The additional funds for the tunnel mark an improvement in Tajik-Iran relations which had deteriorated markedly in 2015, when the last improvements to the tunnel were made. That year, the Tajik government cracked down hard on the Islamic Renaissance Party (IRPT). In late December 2015, Iran hosted the 29th Islamic Unity Conference and sat IRPT representatives right next to the Tajik delegation. In the ensuing years, Tajikistan has periodically slipped negative references to Iran into key moments. For example, a state TV documentary that aired in the late summer of 2017 accused Iran of stoking the 1992-1997 Tajik Civil War by providing funds to the Islamist opposition and training militants.

But even before the IRPT argument, the Tajik-Iran bilateral was periodically rocky.

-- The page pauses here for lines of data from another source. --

(* Let $R$ be an NJ-symmetric exchange ring. Then (1) $R$ is clean, and (2) $R$ is quasi-duo.
   Context: Rings are associative with identity. $N(R)$ is the set of nilpotent elements, $J(R)$ the Jacobson radical. $R$ is NJ-symmetric if for all $a,b,c\in R$, $abc\in N(R)$ implies $bac\in J(R)$. $R$ is clean if every element is a sum of an idempotent and a unit. $R$ is quasi-duo if every maximal left ideal and every maximal right ideal of $R$ is a two-sided ideal. *)

theory Defs
  imports Main
begin

text \<open>Rings are elements of a type of class ring_1 (associative, with identity, not
necessarily commutative).\<close>

definition nilpotents :: "'a::ring_1 set" where
  "nilpotents = {a. \<exists>n::nat. a ^ n = 0}"

definition left_ideal :: "'a::ring_1 set \<Rightarrow> bool" where
  "left_ideal I \<longleftrightarrow> 0 \<in> I \<and> (\<forall>x\<in>I. \<forall>y\<in>I. x + y \<in> I) \<and> (\<forall>x\<in>I. - x \<in> I)
     \<and> (\<forall>r. \<forall>x\<in>I. r * x \<in> I)"

definition right_ideal :: "'a::ring_1 set \<Rightarrow> bool" where
  "right_ideal I \<longleftrightarrow> 0 \<in> I \<and> (\<forall>x\<in>I. \<forall>y\<in>I. x + y \<in> I) \<and> (\<forall>x\<in>I. - x \<in> I)
     \<and> (\<forall>r. \<forall>x\<in>I. x * r \<in> I)"

definition two_sided_ideal :: "'a::ring_1 set \<Rightarrow> bool" where
  "two_sided_ideal I \<longleftrightarrow> left_ideal I \<and> right_ideal I"

definition maximal_left_ideal :: "'a::ring_1 set \<Rightarrow> bool" where
  "maximal_left_ideal M \<longleftrightarrow> left_ideal M \<and> M \<noteq> UNIV \<and>
     (\<forall>I. left_ideal I \<and> M \<subseteq> I \<and> I \<noteq> UNIV \<longrightarrow> I = M)"

definition maximal_right_ideal :: "'a::ring_1 set \<Rightarrow> bool" where
  "maximal_right_ideal M \<longleftrightarrow> right_ideal M \<and> M \<noteq> UNIV \<and>
     (\<forall>I. right_ideal I \<and> M \<subseteq> I \<and> I \<noteq> UNIV \<longrightarrow> I = M)"

definition jacobson :: "'a::ring_1 set" where
  "jacobson = \<Inter> {M. maximal_left_ideal M}"

definition is_idempotent :: "'a::ring_1 \<Rightarrow> bool" where
  "is_idempotent e \<longleftrightarrow> e * e = e"

definition is_unit :: "'a::ring_1 \<Rightarrow> bool" where
  "is_unit u \<longleftrightarrow> (\<exists>v. u * v = 1 \<and> v * u = 1)"

definition NJ_symmetric :: "'a::ring_1 itself \<Rightarrow> bool" where
  "NJ_symmetric _ \<longleftrightarrow> (\<forall>a b c :: 'a. a * b * c \<in> nilpotents \<longrightarrow> b * a * c \<in> jacobson)"

text \<open>Exchange ring (Warfield/Nicholson elementwise form): for every a there is an
idempotent e \<in> aR with 1 - e \<in> (1 - a)R.\<close>
definition exchange_ring :: "'a::ring_1 itself \<Rightarrow> bool" where
  "exchange_ring _ \<longleftrightarrow> (\<forall>a :: 'a. \<exists>e. is_idempotent e \<and> (\<exists>r. e = a * r) \<and> (\<exists>s. 1 - e = (1 - a) * s))"

definition clean_ring :: "'a::ring_1 itself \<Rightarrow> bool" where
  "clean_ring _ \<longleftrightarrow> (\<forall>a :: 'a. \<exists>e u. is_idempotent e \<and> is_unit u \<and> a = e + u)"

definition quasi_duo :: "'a::ring_1 itself \<Rightarrow> bool" where
  "quasi_duo _ \<longleftrightarrow> (\<forall>M :: 'a set. (maximal_left_ideal M \<or> maximal_right_ideal M) \<longrightarrow> two_sided_ideal M)"

end

theory Submission
  imports Defs
begin

text \<open>
  NJ-symmetry gives \<open>N(R) \<subseteq> J(R)\<close> (take \<open>b = c = 1\<close>), and this is all that is used.
  It makes every idempotent \<open>e\<close> central modulo \<open>J\<close>, because \<open>e x (1 - e)\<close> and \<open>(1 - e) x e\<close>
  square to zero. Hence an element \<open>u\<close> with \<open>u v \<equiv> 1 (mod J)\<close> is a unit: it has a right
  inverse \<open>w\<close>, and the idempotent \<open>1 - w u\<close> then lies in \<open>J\<close>, so it vanishes.

  Clean: the exchange property gives \<open>e = a r\<close>, \<open>1 - e = (1 - a) t\<close> with \<open>e\<close> idempotent, and
  modulo \<open>J\<close> the element \<open>e r - (1 - e) t\<close> is a right inverse of \<open>a - (1 - e)\<close>; so
  \<open>a = (1 - e) + (a - (1 - e))\<close> is clean.

  Quasi-duo: let \<open>M\<close> be a maximal left ideal, \<open>c \<in> M\<close> and \<open>c s \<notin> M\<close>. Then
  \<open>1 - m s \<in> M\<close> for some \<open>m \<in> M\<close>. Write \<open>s m = f + u\<close> with \<open>f\<close> idempotent and \<open>u\<close> a unit.
  Since \<open>J \<subseteq> M\<close>, commuting \<open>f\<close> past \<open>u\<close> and \<open>s\<close> modulo \<open>J\<close> shows
  \<open>1 - f \<in> M\<close> and \<open>f s \<in> M\<close>, hence \<open>s \<in> M\<close>, and so \<open>c s \<in> M\<close>. Maximal right ideals are
  handled symmetrically. This needs \<open>J\<close>, defined through maximal left ideals, to lie in every
  maximal right ideal, which follows from its quasi-regular characterisation.
\<close>

section \<open>One-sided ideals\<close>

lemma left_ideal_0: "left_ideal I \<Longrightarrow> 0 \<in> I"
  by (simp add: left_ideal_def)

lemma left_ideal_add: "left_ideal I \<Longrightarrow> x \<in> I \<Longrightarrow> y \<in> I \<Longrightarrow> x + y \<in> I"
  by (simp add: left_ideal_def)

lemma left_ideal_uminus: "left_ideal I \<Longrightarrow> x \<in> I \<Longrightarrow> - x \<in> I"
  by (simp add: left_ideal_def)

lemma left_ideal_diff: "left_ideal I \<Longrightarrow> x \<in> I \<Longrightarrow> y \<in> I \<Longrightarrow> x - y \<in> I"
  using left_ideal_add[of I x "- y"] left_ideal_uminus[of I y] by simp

lemma left_ideal_mult: "left_ideal I \<Longrightarrow> x \<in> I \<Longrightarrow> r * x \<in> I"
  by (simp add: left_ideal_def)

lemma left_ideal_eq_UNIV: "left_ideal I \<Longrightarrow> 1 \<in> I \<Longrightarrow> I = UNIV"
  using left_ideal_mult[of I 1] by auto

lemma right_ideal_0: "right_ideal I \<Longrightarrow> 0 \<in> I"
  by (simp add: right_ideal_def)

lemma right_ideal_add: "right_ideal I \<Longrightarrow> x \<in> I \<Longrightarrow> y \<in> I \<Longrightarrow> x + y \<in> I"
  by (simp add: right_ideal_def)

lemma right_ideal_uminus: "right_ideal I \<Longrightarrow> x \<in> I \<Longrightarrow> - x \<in> I"
  by (simp add: right_ideal_def)

lemma right_ideal_diff: "right_ideal I \<Longrightarrow> x \<in> I \<Longrightarrow> y \<in> I \<Longrightarrow> x - y \<in> I"
  using right_ideal_add[of I x "- y"] right_ideal_uminus[of I y] by simp

lemma right_ideal_mult: "right_ideal I \<Longrightarrow> x \<in> I \<Longrightarrow> x * r \<in> I"
  by (simp add: right_ideal_def)

lemma right_ideal_eq_UNIV: "right_ideal I \<Longrightarrow> 1 \<in> I \<Longrightarrow> I = UNIV"
  using right_ideal_mult[of I 1] by auto

lemma left_ideal_add_principal:
  assumes M: "left_ideal M"
  shows "left_ideal {m + t * x | m t. m \<in> M}" (is "left_ideal ?I")
  unfolding left_ideal_def
proof (intro conjI ballI allI)
  have "(0::'a) = 0 + 0 * x" by simp
  then show "0 \<in> ?I" using left_ideal_0[OF M] by blast
next
  fix a b assume "a \<in> ?I" "b \<in> ?I"
  then obtain m1 t1 m2 t2 where "a = m1 + t1 * x" "b = m2 + t2 * x" "m1 \<in> M" "m2 \<in> M"
    by blast
  then have "a + b = (m1 + m2) + (t1 + t2) * x" "m1 + m2 \<in> M"
    using left_ideal_add[OF M] by (auto simp: algebra_simps)
  then show "a + b \<in> ?I" by blast
next
  fix a assume "a \<in> ?I"
  then obtain m t where "a = m + t * x" "m \<in> M" by blast
  then have "- a = - m + (- t) * x" "- m \<in> M"
    using left_ideal_uminus[OF M] by auto
  then show "- a \<in> ?I" by blast
next
  fix r a assume "a \<in> ?I"
  then obtain m t where "a = m + t * x" "m \<in> M" by blast
  then have "r * a = r * m + (r * t) * x" "r * m \<in> M"
    using left_ideal_mult[OF M] by (auto simp: distrib_left mult.assoc)
  then show "r * a \<in> ?I" by blast
qed

lemma left_ideal_principal: "left_ideal {t * a | t. True}"
proof -
  have "left_ideal {m + t * a | m t. m \<in> {0}}"
    by (rule left_ideal_add_principal) (simp add: left_ideal_def)
  moreover have "{m + t * a | m t. m \<in> {0}} = {t * a | t. True}" by auto
  ultimately show ?thesis by (simp only:)
qed

lemma right_ideal_add_principal:
  assumes M: "right_ideal M"
  shows "right_ideal {m + x * t | m t. m \<in> M}" (is "right_ideal ?I")
  unfolding right_ideal_def
proof (intro conjI ballI allI)
  have "(0::'a) = 0 + x * 0" by simp
  then show "0 \<in> ?I" using right_ideal_0[OF M] by blast
next
  fix a b assume "a \<in> ?I" "b \<in> ?I"
  then obtain m1 t1 m2 t2 where "a = m1 + x * t1" "b = m2 + x * t2" "m1 \<in> M" "m2 \<in> M"
    by blast
  then have "a + b = (m1 + m2) + x * (t1 + t2)" "m1 + m2 \<in> M"
    using right_ideal_add[OF M] by (auto simp: algebra_simps)
  then show "a + b \<in> ?I" by blast
next
  fix a assume "a \<in> ?I"
  then obtain m t where "a = m + x * t" "m \<in> M" by blast
  then have "- a = - m + x * (- t)" "- m \<in> M"
    using right_ideal_uminus[OF M] by auto
  then show "- a \<in> ?I" by blast
next
  fix r a assume "a \<in> ?I"
  then obtain m t where "a = m + x * t" "m \<in> M" by blast
  then have "a * r = m * r + x * (t * r)" "m * r \<in> M"
    using right_ideal_mult[OF M] by (auto simp: algebra_simps)
  then show "a * r \<in> ?I" by blast
qed

lemma maximal_left_ideal_add_principal:
  assumes max: "maximal_left_ideal M" and "x \<notin> M"
  shows "\<exists>m\<in>M. \<exists>t. m + t * x = 1"
proof -
  let ?I = "{m + t * x | m t. m \<in> M}"
  have M: "left_ideal M" using max by (simp add: maximal_left_ideal_def)
  have "M \<subseteq> ?I"
  proof
    fix m assume "m \<in> M"
    moreover have "m = m + 0 * x" by simp
    ultimately show "m \<in> ?I" by blast
  qed
  have "x \<in> ?I"
  proof -
    have "x = 0 + 1 * x" by simp
    with left_ideal_0[OF M] show ?thesis by blast
  qed
  have "?I = UNIV"
  proof (rule ccontr)
    assume "?I \<noteq> UNIV"
    with max left_ideal_add_principal[OF M] \<open>M \<subseteq> ?I\<close> have "?I = M"
      unfolding maximal_left_ideal_def by blast
    with \<open>x \<in> ?I\<close> \<open>x \<notin> M\<close> show False by blast
  qed
  then have "1 \<in> ?I" by (simp only: UNIV_I)
  then show ?thesis by auto
qed

lemma maximal_right_ideal_add_principal:
  assumes max: "maximal_right_ideal M" and "x \<notin> M"
  shows "\<exists>m\<in>M. \<exists>t. m + x * t = 1"
proof -
  let ?I = "{m + x * t | m t. m \<in> M}"
  have M: "right_ideal M" using max by (simp add: maximal_right_ideal_def)
  have "M \<subseteq> ?I"
  proof
    fix m assume "m \<in> M"
    moreover have "m = m + x * 0" by simp
    ultimately show "m \<in> ?I" by blast
  qed
  have "x \<in> ?I"
  proof -
    have "x = 0 + x * 1" by simp
    with right_ideal_0[OF M] show ?thesis by blast
  qed
  have "?I = UNIV"
  proof (rule ccontr)
    assume "?I \<noteq> UNIV"
    with max right_ideal_add_principal[OF M] \<open>M \<subseteq> ?I\<close> have "?I = M"
      unfolding maximal_right_ideal_def by blast
    with \<open>x \<in> ?I\<close> \<open>x \<notin> M\<close> show False by blast
  qed
  then have "1 \<in> ?I" by (simp only: UNIV_I)
  then show ?thesis by auto
qed

lemma left_ideal_Union_chain:
  assumes "C \<noteq> {}" and "\<And>I. I \<in> C \<Longrightarrow> left_ideal I"
    and chain: "\<And>I J. I \<in> C \<Longrightarrow> J \<in> C \<Longrightarrow> I \<subseteq> J \<or> J \<subseteq> I"
  shows "left_ideal (\<Union>C)"
  unfolding left_ideal_def
proof (intro conjI ballI allI)
  show "0 \<in> \<Union>C" using assms(1,2) left_ideal_0 by blast
next
  fix a b assume "a \<in> \<Union>C" "b \<in> \<Union>C"
  then obtain I J where "I \<in> C" "J \<in> C" "a \<in> I" "b \<in> J" by blast
  with chain[of I J] show "a + b \<in> \<Union>C"
    using assms(2) left_ideal_add by blast
qed (use assms(2) left_ideal_uminus left_ideal_mult in blast)+

lemma maximal_left_ideal_superset:
  assumes "left_ideal I" and "1 \<notin> I"
  shows "\<exists>M. maximal_left_ideal M \<and> I \<subseteq> M"
proof -
  let ?A = "{J. left_ideal J \<and> I \<subseteq> J \<and> 1 \<notin> J}"
  have "\<exists>M\<in>?A. \<forall>J\<in>?A. M \<subseteq> J \<longrightarrow> J = M"
  proof (rule subset_Zorn_nonempty)
    show "?A \<noteq> {}" using assms by blast
  next
    fix C assume "C \<noteq> {}" and "subset.chain ?A C"
    then have "C \<subseteq> ?A" and "\<forall>X\<in>C. \<forall>Y\<in>C. X \<subseteq> Y \<or> Y \<subseteq> X"
      by (simp_all add: subset_chain_def)
    with \<open>C \<noteq> {}\<close> have "left_ideal (\<Union>C)"
      by (intro left_ideal_Union_chain) blast+
    moreover have "I \<subseteq> \<Union>C" "1 \<notin> \<Union>C"
      using \<open>C \<noteq> {}\<close> \<open>C \<subseteq> ?A\<close> by blast+
    ultimately show "\<Union>C \<in> ?A" by simp
  qed
  then obtain M where "left_ideal M" "I \<subseteq> M" "1 \<notin> M"
    and max: "\<forall>J\<in>?A. M \<subseteq> J \<longrightarrow> J = M" by blast
  have "maximal_left_ideal M"
    unfolding maximal_left_ideal_def
  proof (intro conjI allI impI)
    show "left_ideal M" by fact
    show "M \<noteq> UNIV" using \<open>1 \<notin> M\<close> by blast
  next
    fix J assume J: "left_ideal J \<and> M \<subseteq> J \<and> J \<noteq> UNIV"
    then have "1 \<notin> J" using left_ideal_eq_UNIV by blast
    with J \<open>I \<subseteq> M\<close> have "J \<in> ?A" by blast
    with max J show "J = M" by blast
  qed
  with \<open>I \<subseteq> M\<close> show ?thesis by blast
qed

Indeed, in 2014, Seyed Mahmoud Sadri — who media reports referred to as the “caretaker” of the Iranian diplomatic mission in Dushanbe at the time — was quoted as rejecting reports that Tajik-Iranian cooperation had declined.

The ebbs and flows of Tajikistan-Iran relations are influenced by many moons, perhaps the largest being the associated relationship between Tajikistan and Saudi Arabia, Iran’s nemesis. The current tide is no different.

As an analysis in Al-Monitor noted recently, Iran has been on the hunt for relief from U.S. sanctions and looking to Asia in particular. The first foreign trips by Iranian President Hassan Rouhani since May 8 — when Iran announced it would no longer hold to all of the commitments of the nuclear deal reached in 2015 (which U.S. President Doanld Trump withdrew from in May 2018) — were to Kyrgyzstan and Tajikistan in June.

In Kyrgyzstan, Rouhani attended the Shanghai Cooperation Organization summit. Iran is an observer of the group that includes China, Russia, Kazakhstan, Kyrgyzstan, Tajikistan, Uzbekistan, India and Pakistan as members. In Tajikistan, Rouhani attended the Conference on Interaction and Confidence-Building Measures (CICA). Between the two summits, Rouhani got facetime with key leaders like Chinese President Xi Jinping and Russian President Vladimir Putin, not to mention Tajik President Emomali Rahmon, of course.

The moment is ripe, for many reasons, for a thaw in relations between Iran and Tajikistan. Last month, Eurasianet noted that an Iranian news website had deleted an old interview with the IRPT’s leader, Muhiddin Kabiri, and officials had made other comments underscoring a distancing from the party. In turn, in early June Tajikistan’s foreign minister skipped the Organization for Islamic Cooperation summit in Saudi Arabia to visit Tehran. The tunnel news this week is just another hint that the pendulum is tilting Tajikistan back toward Iran for now.